5.2.3. Combining search and browsing

Both searching and browsing entail inspection cycles in which the user moves forwards (assessing the results) and backwards (reformulating the search or following a different navigational path). These two movements correspond to the two tasks any agent pro- viding information has to accomplish, firstly processing the users’ input and transform it into a look-up command, secondly performing this look-up on the database storing the results.

In the case of Web searching, the first task consists of a query processing that analyzes the search input and transforms it into an index look-up. The second task organizes the content of crawled webpages into one or more index tables.

Compared to this, the first task in access by navigation consists of placing links and adding anchor texts.

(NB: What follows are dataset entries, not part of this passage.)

(* Let $S,T$ be valid configurations and $M:S\to T$ a bijection. Let $i,j\in\{1,2\}$ and let $A\neq B$ and $C\neq D$ be pairs of $M$ with $(i,A,B)\neq(j,C,D)$. If the boundaries $\partial\mathcal V^{(i)}_{AB}$ and $\partial\mathcal V^{(j)}_{CD}$ intersect in finitely many points (i.e., they do not partially overlap), then they intersect in at most four points.
   Context: For $p\in\mathbb R^2$, $D(p)$ is the open unit disc centered at $p$; a configuration is a finite set of points in $\mathbb R^2$, valid if any two distinct points of it are at distance at least $2$. A pair of $M$ is $A=(A^S,A^T)$ with $A^T=M(A^S)$. For $\vec v\in\mathbb R^2$, $H_{\vec v}(A)$ is the convex hull of $D(A^S)\cup D(A^T+\vec v)$. The vippodromes are $\mathcal V^{(1)}_{AB}=\{\vec v: D(A^S)\cap H_{\vec v}(B)\neq\emptyset\}$ and $\mathcal V^{(2)}_{AB}=\{\vec v: D(B^T+\vec v)\cap H_{\vec v}(A)\neq\emptyset\}$. (Each vippodrome boundary is a smooth concatenation of two rays and a circular arc of radius $2$.) *)

theory Defs
  imports "HOL-Analysis.Analysis"
begin

type_synonym pt = "real^2"

definition disc :: "pt \<Rightarrow> pt set" where
  "disc p = ball p 1"

definition valid_config :: "pt set \<Rightarrow> bool" where
  "valid_config S \<longleftrightarrow> finite S \<and> (\<forall>x\<in>S. \<forall>y\<in>S. x \<noteq> y \<longrightarrow> dist x y \<ge> 2)"

text \<open>Pairs of M: A = (A^S, A^T) with A^S in S and A^T = M A^S.\<close>
definition pairs_of :: "(pt \<Rightarrow> pt) \<Rightarrow> pt set \<Rightarrow> (pt \<times> pt) set" where
  "pairs_of M S = {(s, M s) | s. s \<in> S}"

definition hull_pair :: "pt \<Rightarrow> pt \<times> pt \<Rightarrow> pt set" where
  "hull_pair v A = convex hull (disc (fst A) \<union> disc (snd A + v))"

definition vipp1 :: "pt \<times> pt \<Rightarrow> pt \<times> pt \<Rightarrow> pt set" where
  "vipp1 A B = {v. disc (fst A) \<inter> hull_pair v B \<noteq> {}}"

definition vipp2 :: "pt \<times> pt \<Rightarrow> pt \<times> pt \<Rightarrow> pt set" where
  "vipp2 A B = {v. disc (snd B + v) \<inter> hull_pair v A \<noteq> {}}"

definition vippodrome :: "nat \<Rightarrow> pt \<times> pt \<Rightarrow> pt \<times> pt \<Rightarrow> pt set" where
  "vippodrome i A B = (if i = 1 then vipp1 A B else vipp2 A B)"

end

theory Submission
  imports Defs
begin

text \<open>Each vippodrome is a region tangent_region q c: the intersection of the open
  half-planes inner (w - c) m < 2 over the arc of unit normals m with inner q m \<ge> 2, i.e. the
  region bounded by an arc of the circle of radius 2 about c and its two tangent rays. At a common
  boundary point z pick outer normals n1 and n2 of the two regions. A continuous, positively
  homogeneous function sign_fun on directions is \<ge> 0 at n1 and \<le> 0 at n2, so it vanishes at a
  direction between them. Comparing the support inequalities at two common points shows that,
  unless the boundaries share a segment, distinct common points give distinct such directions.
  Finally sign_fun vanishes in at most four directions: the two ends of the second arc and at most
  two directions singled out by the first arc and the offset of the centres. The degenerate cases
  (an arc reduced to a point, or opposite normals at a common point) leave at most two common
  points.\<close>

section \<open>Orthonormal frames in the plane\<close>

lemma inner_vec2: "inner (x::real^2) y = x$1 * y$1 + x$2 * y$2"
  by (simp add: inner_vec_def sum_2)

lemma norm_vec2_squared: "(norm (x::real^2))\<^sup>2 = (x$1)\<^sup>2 + (x$2)\<^sup>2"
  by (simp add: norm_vec_def L2_set_def sum_2)

lemma vec2_eq_iff: "(x::real^2) = y \<longleftrightarrow> x$1 = y$1 \<and> x$2 = y$2"
  by (metis (mono_tags) exhaust_2 vec_eq_iff)

definition rot90 :: "real^2 \<Rightarrow> real^2" where
  "rot90 x = vector [- x$2, x$1]"

lemma rot90_nth [simp]: "rot90 x $ 1 = - x$2" "rot90 x $ 2 = x$1"
  by (simp_all add: rot90_def)

lemma rot90_rot90 [simp]: "rot90 (rot90 x) = - x"
  by (simp add: vec2_eq_iff)

lemma inner_rot90_rot90 [simp]: "inner (rot90 x) (rot90 y) = inner x y"
  and inner_rot90_self [simp]: "inner x (rot90 x) = 0" "inner (rot90 x) x = 0"
  by (simp_all add: inner_vec2 algebra_simps)

lemma norm_rot90 [simp]: "norm (rot90 x) = norm x"
  by (metis inner_rot90_rot90 norm_eq_sqrt_inner)

lemma orthonormal_expansion:
  assumes "norm m = 1"
  shows "x = inner x m *\<^sub>R m + inner x (rot90 m) *\<^sub>R rot90 m"
proof -
  have "(m$1)\<^sup>2 + (m$2)\<^sup>2 = 1" using assms norm_vec2_squared[of m] by simp
  then show ?thesis
    unfolding vec2_eq_iff inner_vec2 by (simp add: power2_eq_square algebra_simps) algebra
qed
lemma line_primitive_has_derivative:
  assumes "(p - q * y)\<^sup>2 + y\<^sup>2 < 1"
  shows "(line_primitive p q has_real_derivative slice_area y (p - q * y)) (at y)"
proof -
  define s where "s = sqrt (1 - y\<^sup>2 - (p - q * y)\<^sup>2)"
  define K where "K = 1 - p\<^sup>2 + q\<^sup>2"
  have s: "0 < s" "s * s = 1 - y\<^sup>2 - (p - q * y)\<^sup>2"
    using assms by (auto simp: s_def)
  have y: "0 < 1 - y\<^sup>2"
    using assms by (smt (verit) zero_le_power2)
  have sum_sq: "s * s + (p * y - q)\<^sup>2 = (1 - y\<^sup>2) * K"
    unfolding s(2) K_def by (simp add: algebra_simps power2_eq_square)
  have K: "0 < K"
    using sum_sq s(1) y by (smt (verit) mult_nonneg_nonpos zero_le_power2 mult_pos_pos)
  have numerator: "p * (s * s) - (p * y - q) * (q * (p - q * y) - y) = (p - q * y) * K"
    unfolding s(2) K_def by (simp add: algebra_simps power2_eq_square)
  have "((\<lambda>y. sqrt (1 - y\<^sup>2 - (p - q * y)\<^sup>2)) has_real_derivative (q * (p - q * y) - y) / s) (at y)"
    using s by (auto intro!: derivative_eq_intros simp: s_def field_simps)
  then have "((\<lambda>y. (p * y - q) / sqrt (1 - y\<^sup>2 - (p - q * y)\<^sup>2)) has_real_derivative
      (p * s - (p * y - q) * ((q * (p - q * y) - y) / s)) / (s * s)) (at y)"
    unfolding s_def using s(1)
    by (intro DERIV_divide) (auto intro!: derivative_eq_intros simp: s_def)
  from DERIV_chain2[OF DERIV_arctan this]
  have "(line_primitive p q has_real_derivative
      inverse (1 + ((p * y - q) / s)\<^sup>2) * ((p * s - (p * y - q) * ((q * (p - q * y) - y) / s)) / (s * s))) (at y)"
    unfolding line_primitive_def[abs_def] s_def .
  moreover have "inverse (1 + ((p * y - q) / s)\<^sup>2) = s * s / ((1 - y\<^sup>2) * K)"
  proof -
    have "1 + ((p * y - q) / s)\<^sup>2 = (s * s + (p * y - q)\<^sup>2) / (s * s)"
      using s(1) by (simp add: field_simps power2_eq_square)
    then show ?thesis
      by (simp add: sum_sq)
  qed
  moreover have "(p * s - (p * y - q) * ((q * (p - q * y) - y) / s)) / (s * s)
      = (p - q * y) * K / (s * (s * s))"
    unfolding numerator[symmetric] using s(1) by (simp add: field_simps)
  moreover have "s * s / ((1 - y\<^sup>2) * K) * ((p - q * y) * K / (s * (s * s))) = slice_area y (p - q * y)"
    unfolding slice_area_def s_def[symmetric] using s(1) y K by (simp add: field_simps)
  ultimately show ?thesis
    by (simp only:)
qed

lemma nn_integral_slice_area_line:
  assumes "a < b"
    and disc: "\<And>y. a < y \<Longrightarrow> y < b \<Longrightarrow> (p - q * y)\<^sup>2 + y\<^sup>2 < 1"
    and nonneg: "\<And>y. a < y \<Longrightarrow> y < b \<Longrightarrow> 0 \<le> p - q * y"
    and "(line_primitive p q \<longlongrightarrow> A) (at_right a)"
    and "(line_primitive p q \<longlongrightarrow> B) (at_left b)"
  shows "(\<integral>\<^sup>+y. indicator {a<..<b} y * ennreal (slice_area y (p - q * y)) \<partial>lborel) = ennreal (B - A)"
proof (rule nn_integral_open_interval_FTC)
  fix y assume "a < y" "y < b"
  note y = disc[OF this] nonneg[OF this]
  show "(line_primitive p q has_real_derivative slice_area y (p - q * y)) (at y)"
    using y(1) by (rule line_primitive_has_derivative)
  have "0 < 1 - y\<^sup>2" "0 < 1 - y\<^sup>2 - (p - q * y)\<^sup>2"
    using y by (smt (verit) zero_le_power2)+
  then show "isCont (\<lambda>y. slice_area y (p - q * y)) y" "0 \<le> slice_area y (p - q * y)"
    using y unfolding slice_area_def by (auto intro!: continuous_intros)
qed (use assms in simp_all)

lemma line_primitive_tendsto_one_sided:
  assumes "(p - q * y)\<^sup>2 + y\<^sup>2 < 1"
  shows "(line_primitive p q \<longlongrightarrow> line_primitive p q y) (at_left y)"
    and "(line_primitive p q \<longlongrightarrow> line_primitive p q y) (at_right y)"
  using DERIV_isCont[OF line_primitive_has_derivative[OF assms]]
  by (simp_all add: isCont_def filterlim_at_split)

lemma tendsto_arctan_div_sqrt_vanishing:
  fixes N D :: "'a \<Rightarrow> real"
  assumes "(N \<longlongrightarrow> n) F" "n \<noteq> 0" "(D \<longlongrightarrow> 0) F" "eventually (\<lambda>y. 0 < D y) F"
  shows "((\<lambda>y. arctan (N y / sqrt (D y))) \<longlongrightarrow> sgn n * (pi/2)) F"
proof -
  have "((\<lambda>y. sqrt (D y)) \<longlongrightarrow> 0) F"
    using tendsto_real_sqrt[OF assms(3)] by simp
  moreover have "eventually (\<lambda>y. 0 < sqrt (D y)) F"
    using assms(4) by (rule eventually_mono) simp
  ultimately have "filterlim (\<lambda>y. sqrt (D y)) (at_right 0) F"
    by (rule tendsto_imp_filterlim_at_right)
  then have inv: "filterlim (\<lambda>y. inverse (sqrt (D y))) at_top F"
    by (rule filterlim_compose[OF filterlim_inverse_at_top_right])
  show ?thesis
  proof (cases "0 < n")
    case True
    have "filterlim (\<lambda>y. N y * inverse (sqrt (D y))) at_top F"
      by (rule filterlim_tendsto_pos_mult_at_top[OF assms(1) True inv])
    then have "((\<lambda>y. arctan (N y * inverse (sqrt (D y)))) \<longlongrightarrow> pi/2) F"
      by (rule filterlim_compose[OF tendsto_arctan_at_top])
    then show ?thesis
      using True by (simp only: divide_inverse sgn_pos mult_1)
  next
    case False
    then have "n < 0"
      using assms(2) by simp
    have "filterlim (\<lambda>y. N y * inverse (sqrt (D y))) at_bot F"
      by (rule filterlim_tendsto_neg_mult_at_bot[OF assms(1) \<open>n < 0\<close> inv])
    then have "((\<lambda>y. arctan (N y * inverse (sqrt (D y)))) \<longlongrightarrow> - (pi/2)) F"
      by (rule filterlim_compose[OF tendsto_arctan_at_bot])
    then show ?thesis
      using \<open>n < 0\<close> by (simp only: divide_inverse sgn_neg mult_minus_left mult_1)
  qed
qed

text \<open>The line \<open>x = p - p y\<close> runs into the ideal point \<open>(0, 1)\<close>, where numerator and radicand
  both vanish; a factor \<open>\<surd>(1 - y)\<close> cancels.\<close>

lemma line_primitive_tendsto_at_left_one: "(line_primitive p p \<longlongrightarrow> 0) (at_left 1)"
proof -
  define B where "B y = 1 + y - p\<^sup>2 * (1 - y)" for y :: real
  have B: "(B \<longlongrightarrow> B 1) (at_left 1)"
    unfolding B_def by (intro tendsto_intros)
  moreover have "0 < B 1"
    by (simp add: B_def)
  ultimately have "eventually (\<lambda>y. 0 < B y) (at_left 1)"
    by (rule order_tendstoD)
  moreover have "eventually (\<lambda>y. y < 1) (at_left (1::real))"
    by (simp add: eventually_at_filter)
  ultimately have "eventually (\<lambda>y. line_primitive p p y = arctan (- p * sqrt (1 - y) / sqrt (B y))) (at_left 1)"
  proof eventually_elim
    case (elim y)
    have "sqrt (1 - y\<^sup>2 - (p - p * y)\<^sup>2) = sqrt (1 - y) * sqrt (B y)"
      by (simp add: B_def algebra_simps power2_eq_square flip: real_sqrt_mult)
    moreover have "p * y - p = - p * sqrt (1 - y) * sqrt (1 - y)"
      using elim by (simp add: algebra_simps)
    moreover have "0 < sqrt (1 - y)"
      using elim by simp
    ultimately show ?case
      by (simp add: line_primitive_def)
  qed
  moreover have "((\<lambda>y. arctan (- p * sqrt (1 - y) / sqrt (B y))) \<longlongrightarrow> arctan (- p * sqrt (1 - 1) / sqrt (B 1))) (at_left 1)"
    using \<open>0 < B 1\<close> by (intro tendsto_intros B) auto
  ultimately show ?thesis
    by (simp add: tendsto_cong)
qed

section \<open>The orthoscheme\<close>

lemma convex_hull_right_triangle:
  fixes r h :: real
  assumes "0 < r" "0 < h"
  shows "(x, y) \<in> convex hull {(r, 0), (0, 0), (0, h)} \<longleftrightarrow> 0 \<le> x \<and> 0 \<le> y \<and> x / r + y / h \<le> 1"
proof -
  have "(x, y) \<in> convex hull {(r, 0), (0, 0), (0, h)} \<longleftrightarrow>
      (\<exists>u v w. 0 \<le> u \<and> 0 \<le> v \<and> 0 \<le> w \<and> u + v + w = 1 \<and> x = u * r \<and> y = w * h)"
    unfolding convex_hull_3 by auto
  also have "\<dots> \<longleftrightarrow> 0 \<le> x \<and> 0 \<le> y \<and> x / r + y / h \<le> 1"
  proof
    assume "0 \<le> x \<and> 0 \<le> y \<and> x / r + y / h \<le> 1"
    then show "\<exists>u v w. 0 \<le> u \<and> 0 \<le> v \<and> 0 \<le> w \<and> u + v + w = 1 \<and> x = u * r \<and> y = w * h"
      using assms by (intro exI[of _ "x / r"] exI[of _ "1 - x / r - y / h"] exI[of _ "y / h"]) auto
  qed (use assms in auto)
  finally show ?thesis .
qed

The second task is distributing the content of a site among several browseable units, including webpages, popups, paragraphs etc.

There are two filters that a user query has to pass before it is met with relevant results — the system has to recognize how the query is worded and the index has to store the result wanted. For example, if searching for a hairdresser in a specific location on a categroy-based Yellow Page site25, there are two possible scenarios why the search could fail, either because the query term is not matched to the proper category or because there happens to be not hairdresser in that location.

Naturally, many sites use both strategies to get the users to the content wanted. There is major difference, however, between these two in how active users have to be in verbalizing their wants. Access by browsing provides a selection of already verbalized items, while a search slot is at first an empty line that the user has to fill by her own wording.

While access by browsing shows the user before what can be expected to be in the result set (apart from cases where the label of the navigational element and the content of the target page deviate), access by searching is at first a jump into unknown water. If it returns no hits the reason might either be that the result wanted is really not in the index or alternatively that the wording of the query was not suited for producing it. It is only through a trial-and-error process that the reason might be determined. The uncertainty why a search fails is even aggravated if a search application answers similar searches with disparate results as most Web searches do today (see Part C).

As a consequence, evaluating the quality of a search agent has to make sure that it does not evaluate the content of the index. Zero hits for a search might be the

consequence of a genuine gap in the available data which cannot be attributed to the performance of the search agent. Zero hits because of lack of records, vs. failure of query-recognition. If a result is in fact not in the index, this information has its worth even without presenting suggestion on where to look at elsewhere. In this context, it is the consistent handling of similar searches that is the indication that the first filter — recognizing the intent of the users’ search — performs well and that zero or few results are really due to gaps in the index and there is no need to further try very similar searches.

A solution could lie in combining searching and browsing by creating link to re- sults while the user starts to type a query. Such a suggest mode has to be capable of query variation principles — orthographic, morphologic, syntactic, semantic and head/container-related (see Part C) — in order to get the best out of both worlds. Shrowsing, the mixture of searching and browsing, would allow dynamic inspection of the available index data as the user types26.